Directions —
In the entries that follow, the line with "v \<sigma> = n)" opens the range and the line with "set \<sigma>. Q" closes it; repeat that range exactly, both lines included.

# # # #

(* Let $G$ be a finite simple graph, $P$ a pebble distribution, and $U$ a unit distribution of nonzero size on a vertex $u$, disjoint from $P$. Let $c$ be a cooperation vertex such that, under $P+U$, a pebbling move removing pebbles from $c$ can be made after some pebbling sequence (i.e. $c$ is $2$-reachable under $P+U$). Then either $c$ has two neighbors $e,f$ each with cooperation excess at least $1$ and with $M(e)<M(c)$, $M(f)<M(c)$, or $c$ has a neighbor $d$ with cooperation excess at least $3$ and $M(d)<M(c)$.
   Context: A pebble distribution is a function $V(G)\to\mathbb{Z}_{\geq0}$; $(P+U)(v)=P(v)+U(v)$. A pebbling move removes two pebbles from a vertex and adds one to an adjacent vertex; a pebbling sequence is an executable sequence of moves, and $(P+U)_\sigma$ is the result of applying $\sigma$. A vertex $v$ is $k$-reachable under a distribution if some pebbling sequence yields at least $k$ pebbles on $v$; reachable means $1$-reachable. $\mathrm{reach}(P,v)$ is the largest such $k$; $\mathrm{exc}(P,v)=\mathrm{reach}(P,v)-1$ if $v$ is reachable, else $0$. A cooperation vertex is reachable under $P+U$ but under neither $P$ nor $U$. The cooperation excess of $v$ is $\mathrm{exc}(P+U,v)-\mathrm{exc}(P,v)-\mathrm{exc}(U,v)$. A vertex is utilized by a pebbling sequence if some move of it removes or adds a pebble at that vertex. $M(v)$ is the minimum, over pebbling sequences $\sigma$ from $P+U$ with $(P+U)_\sigma(v)\geq 2$, of the number of cooperation vertices utilized by $\sigma$ (counting $v$ if it is a cooperation vertex); $M(v)=\infty$ if $v$ is not $2$-reachable under $P+U$. *)

theory Defs
  imports Main "HOL-Library.Extended_Nat"
begin

definition simple_graph :: "'a set \<Rightarrow> ('a \<Rightarrow> 'a \<Rightarrow> bool) \<Rightarrow> bool" where
  "simple_graph V E \<longleftrightarrow> finite V \<and> (\<forall>x y. E x y \<longrightarrow> x \<in> V \<and> y \<in> V)
     \<and> (\<forall>x y. E x y \<longrightarrow> E y x) \<and> (\<forall>x. \<not> E x x)"

definition dist_on :: "'a set \<Rightarrow> ('a \<Rightarrow> nat) \<Rightarrow> bool" where
  "dist_on V P \<longleftrightarrow> (\<forall>x. x \<notin> V \<longrightarrow> P x = 0)"

definition dplus :: "('a \<Rightarrow> nat) \<Rightarrow> ('a \<Rightarrow> nat) \<Rightarrow> ('a \<Rightarrow> nat)" where
  "dplus P U = (\<lambda>v. P v + U v)"

definition move :: "('a \<Rightarrow> nat) \<Rightarrow> 'a \<Rightarrow> 'a \<Rightarrow> ('a \<Rightarrow> nat)" where
  "move P x y = (let Q = P(x := P x - 2) in Q(y := Q y + 1))"

fun valid_seq :: "('a \<Rightarrow> 'a \<Rightarrow> bool) \<Rightarrow> ('a \<Rightarrow> nat) \<Rightarrow> ('a \<times> 'a) list \<Rightarrow> bool" where
  "valid_seq E P [] = True"
| "valid_seq E P ((x, y) # \<sigma>) = (E x y \<and> 2 \<le> P x \<and> valid_seq E (move P x y) \<sigma>)"

fun apply_seq :: "('a \<Rightarrow> nat) \<Rightarrow> ('a \<times> 'a) list \<Rightarrow> ('a \<Rightarrow> nat)" where
  "apply_seq P [] = P"
| "apply_seq P ((x, y) # \<sigma>) = apply_seq (move P x y) \<sigma>"

definition k_reachable :: "('a \<Rightarrow> 'a \<Rightarrow> bool) \<Rightarrow> ('a \<Rightarrow> nat) \<Rightarrow> 'a \<Rightarrow> nat \<Rightarrow> bool" where
  "k_reachable E P v k \<longleftrightarrow> (\<exists>\<sigma>. valid_seq E P \<sigma> \<and> k \<le> apply_seq P \<sigma> v)"

abbreviation reachable :: "('a \<Rightarrow> 'a \<Rightarrow> bool) \<Rightarrow> ('a \<Rightarrow> nat) \<Rightarrow> 'a \<Rightarrow> bool" where
  "reachable E P v \<equiv> k_reachable E P v 1"

definition reach :: "('a \<Rightarrow> 'a \<Rightarrow> bool) \<Rightarrow> ('a \<Rightarrow> nat) \<Rightarrow> 'a \<Rightarrow> nat" where
  "reach E P v = (GREATEST k. k_reachable E P v k)"

definition exc :: "('a \<Rightarrow> 'a \<Rightarrow> bool) \<Rightarrow> ('a \<Rightarrow> nat) \<Rightarrow> 'a \<Rightarrow> nat" where
  "exc E P v = (if reachable E P v then reach E P v - 1 else 0)"

definition coop_vertex :: "('a \<Rightarrow> 'a \<Rightarrow> bool) \<Rightarrow> ('a \<Rightarrow> nat) \<Rightarrow> ('a \<Rightarrow> nat) \<Rightarrow> 'a \<Rightarrow> bool" where
  "coop_vertex E P U v \<longleftrightarrow> reachable E (dplus P U) v \<and> \<not> reachable E P v \<and> \<not> reachable E U v"

definition coop_excess :: "('a \<Rightarrow> 'a \<Rightarrow> bool) \<Rightarrow> ('a \<Rightarrow> nat) \<Rightarrow> ('a \<Rightarrow> nat) \<Rightarrow> 'a \<Rightarrow> int" where
  "coop_excess E P U v = int (exc E (dplus P U) v) - int (exc E P v) - int (exc E U v)"

definition utilized :: "('a \<times> 'a) list \<Rightarrow> 'a \<Rightarrow> bool" where
  "utilized \<sigma> w \<longleftrightarrow> (\<exists>(x, y) \<in> set \<sigma>. w = x \<or> w = y)"

definition coop_used :: "('a \<Rightarrow> 'a \<Rightarrow> bool) \<Rightarrow> ('a \<Rightarrow> nat) \<Rightarrow> ('a \<Rightarrow> nat) \<Rightarrow> 'a \<Rightarrow> ('a \<times> 'a) list \<Rightarrow> nat" where
  "coop_used E P U v \<sigma> = card {w. coop_vertex E P U w \<and> (utilized \<sigma> w \<or> w = v)}"

definition Mval :: "('a \<Rightarrow> 'a \<Rightarrow> bool) \<Rightarrow> ('a \<Rightarrow> nat) \<Rightarrow> ('a \<Rightarrow> nat) \<Rightarrow> 'a \<Rightarrow> enat" where
  "Mval E P U v = (if k_reachable E (dplus P U) v 2
     then enat (LEAST n. \<exists>\<sigma>. valid_seq E (dplus P U) \<sigma> \<and> 2 \<le> apply_seq (dplus P U) \<sigma> v
                          \<and> coop_used E P U v \<sigma> = n)
     else \<infinity>)"

end

theory Submission
  imports Defs
begin

text \<open>Choose a sequence that puts two pebbles on \<open>c\<close> utilizing only \<open>M(c)\<close> cooperation vertices,
  and a shortest one among these. Then \<open>c\<close> holds two pebbles only at the end, so it is never
  the source of a move; since a cooperation vertex starts empty, it receives exactly one pebble
  from a neighbour \<open>e\<close> earlier and the second from a neighbour \<open>f\<close> in the last move. The prefix
  before the move from \<open>e\<close> puts two pebbles on \<open>e\<close>; deleting that move from the sequence keeps
  it valid, because \<open>c\<close> is never a source, and puts two pebbles on \<open>f\<close>, four if \<open>e = f\<close>.
  Both sequences avoid \<open>c\<close>, so \<open>M\<close> drops strictly. Finally \<open>e\<close> and \<open>f\<close> are adjacent to \<open>c\<close>,
  which is unreachable under \<open>P\<close> and under \<open>U\<close>, so neither is 2-reachable under \<open>P\<close> or \<open>U\<close>
  and their cooperation excess is their excess under \<open>P + U\<close>.\<close>

lemma apply_seq_append [simp]: "apply_seq Q (\<sigma> @ \<tau>) = apply_seq (apply_seq Q \<sigma>) \<tau>"
  by (induction Q \<sigma> rule: apply_seq.induct) auto

lemma valid_seq_append [simp]:
  "valid_seq E Q (\<sigma> @ \<tau>) \<longleftrightarrow> valid_seq E Q \<sigma> \<and> valid_seq E (apply_seq Q \<sigma>) \<tau>"
  by (induction E Q \<sigma> rule: valid_seq.induct) auto

lemma int_move:
  "2 \<le> Q x \<Longrightarrow>
   int (move Q x y w) = int (Q w) - (if w = x then 2 else 0) + (if w = y then 1 else 0)"
  by (auto simp: move_def Let_def)

lemma valid_seq_shift:
  assumes "valid_seq E Q \<sigma>" and "\<forall>(x, y) \<in> set \<sigma>. Q x \<le> R x"
  shows "valid_seq E R \<sigma> \<and> (\<forall>w. int (apply_seq R \<sigma> w) = int (apply_seq Q \<sigma> w) + int (R w) - int (Q w))"
  using assms
proof (induction \<sigma> arbitrary: Q R)
  case Nil
  then show ?case by simp
next
  case (Cons p \<sigma>)
  obtain x y where p: "p = (x, y)" by fastforce
  have Qx: "2 \<le> Q x" and Exy: "E x y" and rest: "valid_seq E (move Q x y) \<sigma>"
    using Cons.prems p by auto
  have Rx: "2 \<le> R x" using Qx Cons.prems(2) p by force
  have diff: "int (move R x y w) = int (move Q x y w) + int (R w) - int (Q w)" for w
    using int_move[of Q x y w, OF Qx] int_move[of R x y w, OF Rx] by simp
  have "\<forall>(x', y') \<in> set \<sigma>. move Q x y x' \<le> move R x y x'"
  proof clarify
    fix x' y' assume "(x', y') \<in> set \<sigma>"
    then have "Q x' \<le> R x'" using Cons.prems(2) by auto
    then show "move Q x y x' \<le> move R x y x'" using diff[of x'] by linarith
  qed
  from Cons.IH[OF rest this] show ?case using diff p Qx Rx Exy by simp
qed

lemma apply_seq_at_non_source:
  "\<forall>p \<in> set \<sigma>. fst p \<noteq> c \<Longrightarrow> apply_seq Q \<sigma> c = Q c + length (filter (\<lambda>p. snd p = c) \<sigma>)"
  by (induction Q \<sigma> rule: apply_seq.induct) (auto simp: move_def Let_def)

lemma not_source_if_below_two:
  "valid_seq E Q \<sigma> \<Longrightarrow> \<forall>n < length \<sigma>. apply_seq Q (take n \<sigma>) c < 2 \<Longrightarrow> \<forall>p \<in> set \<sigma>. fst p \<noteq> c"
proof (induction \<sigma> arbitrary: Q)
  case Nil
  then show ?case by simp
next
  case (Cons p \<sigma>)
  obtain x y where p: "p = (x, y)" by fastforce
  have "x \<noteq> c" using Cons.prems(1) spec[OF Cons.prems(2), of 0] p by auto
  moreover have "\<forall>n < length \<sigma>. apply_seq (move Q x y) (take n \<sigma>) c < 2"
    using Cons.prems(2) p by (metis Suc_mono apply_seq.simps(2) length_Cons take_Suc_Cons)
  ultimately show ?case using Cons.IH[of "move Q x y"] Cons.prems(1) p by auto
qed

lemma valid_seq_skip_move:
  assumes valid: "valid_seq E Q (\<alpha> @ (e, c) # \<beta>)" and "\<forall>p \<in> set \<beta>. fst p \<noteq> c"
  shows "valid_seq E Q (\<alpha> @ \<beta>)"
    and "w \<noteq> c \<Longrightarrow> apply_seq Q (\<alpha> @ \<beta>) w = apply_seq Q (\<alpha> @ (e, c) # \<beta>) w + (if w = e then 2 else 0)"
proof -
  define D where "D = apply_seq Q \<alpha>"
  have "2 \<le> D e" and "valid_seq E (move D e c) \<beta>" using valid by (auto simp: D_def)
  moreover have "\<forall>(x, y) \<in> set \<beta>. move D e c x \<le> D x"
    using assms(2) by (auto simp: move_def Let_def)
  ultimately have shifted: "valid_seq E D \<beta>"
    "\<And>w. int (apply_seq D \<beta> w) = int (apply_seq (move D e c) \<beta> w) + int (D w) - int (move D e c w)"
    using valid_seq_shift by blast+
  show "valid_seq E Q (\<alpha> @ \<beta>)" using valid shifted(1) by (simp add: D_def)
  show "apply_seq Q (\<alpha> @ \<beta>) w = apply_seq Q (\<alpha> @ (e, c) # \<beta>) w + (if w = e then 2 else 0)"
    if "w \<noteq> c"
    using shifted(2)[of w] int_move[of D e c w, OF \<open>2 \<le> D e\<close>] that
    by (cases "w = e") (auto simp: D_def)
qed

lemma final_move_into:
  assumes valid: "valid_seq E Q \<sigma>" and "Q c < 2" and final: "2 \<le> apply_seq Q \<sigma> c"
    and below: "\<forall>n < length \<sigma>. apply_seq Q (take n \<sigma>) c < 2"
  obtains \<tau> f where "\<sigma> = \<tau> @ [(f, c)]" "f \<noteq> c" "apply_seq Q \<tau> c = 1" "\<forall>p \<in> set \<tau>. fst p \<noteq> c"
proof -
  have "\<sigma> \<noteq> []" using \<open>Q c < 2\<close> final by auto
  then obtain \<tau> f g where \<sigma>: "\<sigma> = \<tau> @ [(f, g)]" by (metis rev_exhaust surj_pair)
  define D where "D = apply_seq Q \<tau>"
  have "D c < 2" using below[rule_format, of "length \<tau>"] \<sigma> by (simp add: D_def)
  moreover have "2 \<le> D f" "2 \<le> move D f g c" using valid final \<sigma> by (simp_all add: D_def)
  ultimately have "g = c" "f \<noteq> c" "D c = 1" by (auto simp: move_def Let_def split: if_splits)
  moreover have "\<forall>p \<in> set \<tau>. fst p \<noteq> c"
    using not_source_if_below_two[of E Q \<tau> c] valid below \<sigma> by (simp add: nth_append)
  ultimately show thesis using that \<sigma> by (simp add: D_def)
qed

# # # #

Answer to this problem —
                          \<and> coop_used E P U v \<sigma> = n)
     else \<infinity>)"

end

theory Submission
  imports Defs
begin

text \<open>Choose a sequence that puts two pebbles on \<open>c\<close> utilizing only \<open>M(c)\<close> cooperation vertices,
  and a shortest one among these. Then \<open>c\<close> holds two pebbles only at the end, so it is never
  the source of a move; since a cooperation vertex starts empty, it receives exactly one pebble
  from a neighbour \<open>e\<close> earlier and the second from a neighbour \<open>f\<close> in the last move. The prefix
  before the move from \<open>e\<close> puts two pebbles on \<open>e\<close>; deleting that move from the sequence keeps
  it valid, because \<open>c\<close> is never a source, and puts two pebbles on \<open>f\<close>, four if \<open>e = f\<close>.
  Both sequences avoid \<open>c\<close>, so \<open>M\<close> drops strictly. Finally \<open>e\<close> and \<open>f\<close> are adjacent to \<open>c\<close>,
  which is unreachable under \<open>P\<close> and under \<open>U\<close>, so neither is 2-reachable under \<open>P\<close> or \<open>U\<close>
  and their cooperation excess is their excess under \<open>P + U\<close>.\<close>

lemma apply_seq_append [simp]: "apply_seq Q (\<sigma> @ \<tau>) = apply_seq (apply_seq Q \<sigma>) \<tau>"
  by (induction Q \<sigma> rule: apply_seq.induct) auto

lemma valid_seq_append [simp]:
  "valid_seq E Q (\<sigma> @ \<tau>) \<longleftrightarrow> valid_seq E Q \<sigma> \<and> valid_seq E (apply_seq Q \<sigma>) \<tau>"
  by (induction E Q \<sigma> rule: valid_seq.induct) auto

lemma int_move:
  "2 \<le> Q x \<Longrightarrow>
   int (move Q x y w) = int (Q w) - (if w = x then 2 else 0) + (if w = y then 1 else 0)"
  by (auto simp: move_def Let_def)

lemma valid_seq_shift:
  assumes "valid_seq E Q \<sigma>" and "\<forall>(x, y) \<in> set \<sigma>. Q x \<le> R x"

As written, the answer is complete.